Motional heating of spatially extended ion crystals

TL;DR

This study measures and analyzes motional heating rates in ion crystals within a linear rf trap, revealing how electric field noise, micromotion, and crystal symmetry influence heating and decoherence, with implications for quantum information processing.

Contribution

It provides precise measurements of ion and crystal motional heating rates, explores the effects of excess micromotion and rf circuit quality, and examines how crystal symmetry affects heating in extended ion systems.

Findings

Heating rates are stable over four years for single ions.

Excess micromotion causes quadratic increase in heating with displacement.

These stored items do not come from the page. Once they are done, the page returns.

text \<open>A complex Hilbert space is modelled as a real Hilbert space (real inner product
 space that is complete) together with the action of the imaginary unit, a real-linear
 isometry J with J (J x) = - x.  The complex inner product (antilinear in the first
 argument, as in the paper) is cinner x y = (x . y) + i (J x . y).\<close>

class chilbert = real_inner + complete_space +
  fixes imult :: "'a \<Rightarrow> 'a"
  assumes imult_add: "imult (x + y) = imult x + imult y"
    and imult_scaleR: "imult (r *\<^sub>R x) = r *\<^sub>R imult x"
    and imult_imult: "imult (imult x) = - x"
    and imult_inner: "inner (imult x) (imult y) = inner x y"

instantiation prod :: (chilbert, chilbert) chilbert
begin
definition imult_prod_def: "imult p = (imult (fst p), imult (snd p))"
instance
  by standard (auto simp: imult_prod_def imult_add imult_scaleR imult_imult imult_inner
      inner_prod_def)
end

definition cscale :: "complex \<Rightarrow> 'a::chilbert \<Rightarrow> 'a" where
  "cscale c x = Re c *\<^sub>R x + Im c *\<^sub>R imult x"

definition cinner :: "'a::chilbert \<Rightarrow> 'a \<Rightarrow> complex" where
  "cinner x y = Complex (inner x y) (inner (imult x) y)"

definition cspan :: "'a::chilbert set \<Rightarrow> 'a set" where
  "cspan S = span (S \<union> imult ` S)"

definition finite_dim :: "'a::chilbert itself \<Rightarrow> bool" where
  "finite_dim _ \<longleftrightarrow> (\<exists>B::'a set. finite B \<and> span B = UNIV)"

text \<open>An operator is given by a domain D and a map A (only its values on D matter).
 Self-adjoint: dense complex-linear domain, A complex-linear on D, and A equals its
 adjoint (symmetric, and the adjoint domain is contained in D).\<close>

definition self_adjoint_op :: "'a::chilbert set \<Rightarrow> ('a \<Rightarrow> 'a) \<Rightarrow> bool" where
  "self_adjoint_op D A \<longleftrightarrow>
     0 \<in> D \<and> (\<forall>x\<in>D. \<forall>y\<in>D. \<forall>c. cscale c x + y \<in> D) \<and> closure D = UNIV \<and>
     (\<forall>x\<in>D. \<forall>y\<in>D. \<forall>c. A (cscale c x + y) = cscale c (A x) + A y) \<and>
     (\<forall>x\<in>D. \<forall>y\<in>D. cinner (A x) y = cinner x (A y)) \<and>
     (\<forall>y z. (\<forall>x\<in>D. cinner (A x) y = cinner x z) \<longrightarrow> y \<in> D \<and> A y = z)"

definition op_spectrum :: "'a::chilbert set \<Rightarrow> ('a \<Rightarrow> 'a) \<Rightarrow> complex set" where
  "op_spectrum D A = {z. \<not> (\<forall>\<psi>. \<exists>!u. u \<in> D \<and> A u - cscale z u = \<psi>)}"

definition real_spectrum :: "'a::chilbert set \<Rightarrow> ('a \<Rightarrow> 'a) \<Rightarrow> real set" where
  "real_spectrum D A = {E. complex_of_real E \<in> op_spectrum D A}"

definition resolvent :: "'a::chilbert set \<Rightarrow> ('a \<Rightarrow> 'a) \<Rightarrow> complex \<Rightarrow> 'a \<Rightarrow> 'a" where
  "resolvent D A z \<psi> = (THE u. u \<in> D \<and> A u - cscale z u = \<psi>)"

definition green :: "'a::chilbert set \<Rightarrow> ('a \<Rightarrow> 'a) \<Rightarrow> 'a \<Rightarrow> 'a \<Rightarrow> complex \<Rightarrow> complex" where
  "green D A \<phi> \<psi> z = cinner \<phi> (resolvent D A z \<psi>)"

text \<open>H = H_l (+) H_S (+) H_r, realised as the product type 'l \<times> 's \<times> 'r.\<close>

definition emb_l :: "'l::chilbert \<Rightarrow> 'l \<times> 's::chilbert \<times> 'r::chilbert" where
  "emb_l x = (x, 0, 0)"
definition emb_S :: "'s::chilbert \<Rightarrow> 'l::chilbert \<times> 's \<times> 'r::chilbert" where
  "emb_S x = (0, x, 0)"
definition emb_r :: "'r::chilbert \<Rightarrow> 'l::chilbert \<times> 's::chilbert \<times> 'r" where
  "emb_r x = (0, 0, x)"

definition dom0 :: "'l::chilbert set \<Rightarrow> 'r::chilbert set \<Rightarrow> ('l \<times> 's::chilbert \<times> 'r) set" where
  "dom0 Dl Dr = Dl \<times> UNIV \<times> Dr"

definition H0 :: "('l::chilbert \<Rightarrow> 'l) \<Rightarrow> ('s::chilbert \<Rightarrow> 's) \<Rightarrow> ('r::chilbert \<Rightarrow> 'r)
     \<Rightarrow> 'l \<times> 's \<times> 'r \<Rightarrow> 'l \<times> 's \<times> 'r" where
  "H0 Hl HS Hr p = (Hl (fst p), HS (fst (snd p)), Hr (snd (snd p)))"

definition Hpert :: "('l::chilbert \<Rightarrow> 'l) \<Rightarrow> ('s::chilbert \<Rightarrow> 's) \<Rightarrow> ('r::chilbert \<Rightarrow> 'r)
     \<Rightarrow> 'l \<Rightarrow> 'r \<Rightarrow> 's \<Rightarrow> 's \<Rightarrow> real \<Rightarrow> real \<Rightarrow> 'l \<times> 's \<times> 'r \<Rightarrow> 'l \<times> 's \<times> 'r" where
  "Hpert Hl HS Hr chil chir dell delr lam nu p =
     H0 Hl HS Hr p
     + lam *\<^sub>R (cscale (cinner (emb_l chil) p) (emb_S dell) + cscale (cinner (emb_S dell) p) (emb_l chil))
     + nu *\<^sub>R (cscale (cinner (emb_r chir) p) (emb_S delr) + cscale (cinner (emb_S delr) p) (emb_r chir))"

definition cyclic_family :: "'a::chilbert set \<Rightarrow> ('a \<Rightarrow> 'a) \<Rightarrow> 'a set \<Rightarrow> bool" where
  "cyclic_family D A F \<longleftrightarrow>
     closure (cspan {resolvent D A z v | z v. Im z \<noteq> 0 \<and> v \<in> F}) = UNIV"

text \<open>d(E) and the exceptional set N (G_0 restricted to H_S is the resolvent of H_S).\<close>
definition dfun :: "('s::chilbert \<Rightarrow> 's) \<Rightarrow> 's \<Rightarrow> 's \<Rightarrow> real \<Rightarrow> complex" where
  "dfun HS dell delr E =
     green UNIV HS dell dell (of_real E) * green UNIV HS delr delr (of_real E)
     - green UNIV HS dell delr (of_real E) * green UNIV HS delr dell (of_real E)"

definition Nset :: "('s::chilbert \<Rightarrow> 's) \<Rightarrow> 's \<Rightarrow> 's \<Rightarrow> real set" where
  "Nset HS dell delr =
     {E. E \<notin> real_spectrum UNIV HS \<and>
         green UNIV HS dell dell (of_real E) * green UNIV HS delr delr (of_real E)
         * green UNIV HS dell delr (of_real E) * dfun HS dell delr E = 0}
     \<union> real_spectrum UNIV HS"

definition Cset :: "('a::chilbert \<Rightarrow> 'a) \<Rightarrow> 'a set \<Rightarrow> 'a \<Rightarrow> 'a \<Rightarrow> real set" where
  "Cset A D \<phi> \<psi> = {E.
     filterlim (\<lambda>\<epsilon>. cmod (green D A \<phi> \<phi> (Complex E \<epsilon>))) at_top (at_right 0) \<and>
     ((\<lambda>\<epsilon>. green D A \<psi> \<psi> (Complex E \<epsilon>)) \<longlongrightarrow> 0) (at_right 0)}"

end

theory Submission
  imports Defs
begin

text \<open>Since the left coupling is off, H(0,nu) leaves chil alone: G(0,nu)(chil,chil) is the Green
  function of Hl for every nu, G(0,nu)(chir,chir) at nu = 0 is that of Hr, and at nu = 0 also
  G(0,0)(dell,dell) is that of HS, which is continuous up to real E outside the spectrum of HS
  because HS is finite-dimensional; this gives (1). For nu \<noteq> 0, solving the resolvent equation
  for dell exhibits G(0,nu)(dell,dell) as the image of F = G(0,0)(chir,chir) under the Moebius map
  w \<mapsto> (GS(dell,dell) - nu^2 d w) / (1 - nu^2 GS(delr,delr) w), whose coefficients converge as
  \<epsilon> \<searrow> 0. Off N the limiting map is nondegenerate, so G(0,nu)(dell,dell) tends to 0 or to
  infinity exactly when F tends to its zero GS(dell,dell) / (nu^2 d) or to its pole
  1 / (nu^2 GS(delr,delr)); this gives (2) and (3).\<close>

section \<open>Complex structure on a real Hilbert space\<close>

lemma imult_linear: "linear (imult :: 'a::chilbert \<Rightarrow> 'a)"
  by (rule linearI) (simp_all add: imult_add imult_scaleR)

lemma imult_zero [simp]: "imult 0 = (0::'a::chilbert)"
  using linear_0[OF imult_linear] .

lemma norm_imult [simp]: "norm (imult x) = norm (x::'a::chilbert)"
  by (simp add: norm_eq_sqrt_inner imult_inner)

lemma bounded_linear_imult: "bounded_linear (imult :: 'a::chilbert \<Rightarrow> 'a)"
  by (rule bounded_linear_intro[where K=1]) (simp_all add: imult_add imult_scaleR)

lemma imult_diff: "imult (x - y) = imult x - imult (y::'a::chilbert)"
  using linear_diff[OF imult_linear] .

lemma inner_imult_left: "inner (imult x) y = - inner x (imult (y::'a::chilbert))"
  using imult_inner[of "imult x" y] by (simp add: imult_imult)

lemma inner_imult_right: "inner x (imult y) = - inner (imult x) (y::'a::chilbert)"
  by (simp add: inner_imult_left)

lemma inner_imult_self [simp]: "inner (imult x) x = (0::real)" for x :: "'a::chilbert"
  using inner_imult_left[of x x] by (simp add: inner_commute)

lemma cscale_add_left: "cscale (a + b) x = cscale a x + cscale b x"
  by (simp add: cscale_def algebra_simps)

lemma cscale_add_right: "cscale c (x + y) = cscale c x + cscale c y"
  by (simp add: cscale_def algebra_simps imult_add)

lemma cscale_diff_right: "cscale c (x - y) = cscale c x - cscale c y"
  by (simp add: cscale_def algebra_simps imult_diff)

lemma cscale_minus_left: "cscale (- a) x = - cscale a x"
  by (simp add: cscale_def algebra_simps)

lemma cscale_mult: "cscale a (cscale b x) = cscale (a * b) x"
  by (simp add: cscale_def algebra_simps imult_add imult_scaleR imult_imult)

lemma cscale_one [simp]: "cscale 1 x = x"
  by (simp add: cscale_def)

lemma cscale_zero_left [simp]: "cscale 0 x = 0"
  by (simp add: cscale_def)

lemma cscale_zero_right [simp]: "cscale c 0 = 0"
  by (simp add: cscale_def)

lemma cscale_of_real [simp]: "cscale (of_real r) x = r *\<^sub>R x"
  by (simp add: cscale_def)

lemma cscale_scaleR: "cscale c (r *\<^sub>R x) = r *\<^sub>R cscale c x"
  by (simp add: cscale_def imult_scaleR algebra_simps)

Crystal symmetry influences mode-specific heating rates.

Abstract

We study heating of motional modes of a single ion and of extended ion crystals trapped in a linear radio frequency (rf) Paul trap with a precision of $\Delta \dot{\bar{n}} \approx 0.2 $ phonons s$^{-1}$. Single-ion axial and radial heating rates are consistent and electric field noise has been stable over the course of four years. At a secular frequency of $\omega_\mathrm{sec}=2\pi\times620$ kHz, we measure $\dot{\bar{n}} = 0.56(6)$ phonons s$^{-1}$ per ion for the center-of-mass (com) mode of linear chains of up to eleven ions and observe no significant heating of the out-of-phase (oop) modes. By displacing the ions away from the nodal line, inducing excess micromotion, rf noise heats the com mode quadratically as a function of radial displacement $r$ by $\dot{\bar{n}}(r)/ r^2 = 0.89(4)$ phonons s$^{-1}$ $\mu$m$^{-2}$ per ion, while the oop modes are protected from rf-noise induced heating in linear chains. By changing the quality factor of the resonant rf circuit from $Q=542$ to $Q=204$, we observe an increase of rf noise by a factor of up to 3. We show that the rf-noise induced heating of motional modes of extended crystals also depends on the symmetry of the crystal and of the mode itself. As an example, we consider several 2D and 3D crystal configurations. Heating rates of up to 500 phonons s$^{-1}$ are observed for individual modes, giving rise to a total kinetic energy increase and thus a fractional time dilation shift of up to $-0.3\times 10^{-18}$ s$^{-1}$ of the total system. In addition, we detail on how the excitation probability of the individual ions is reduced and decoherence is increased due to the Debye-Waller effect.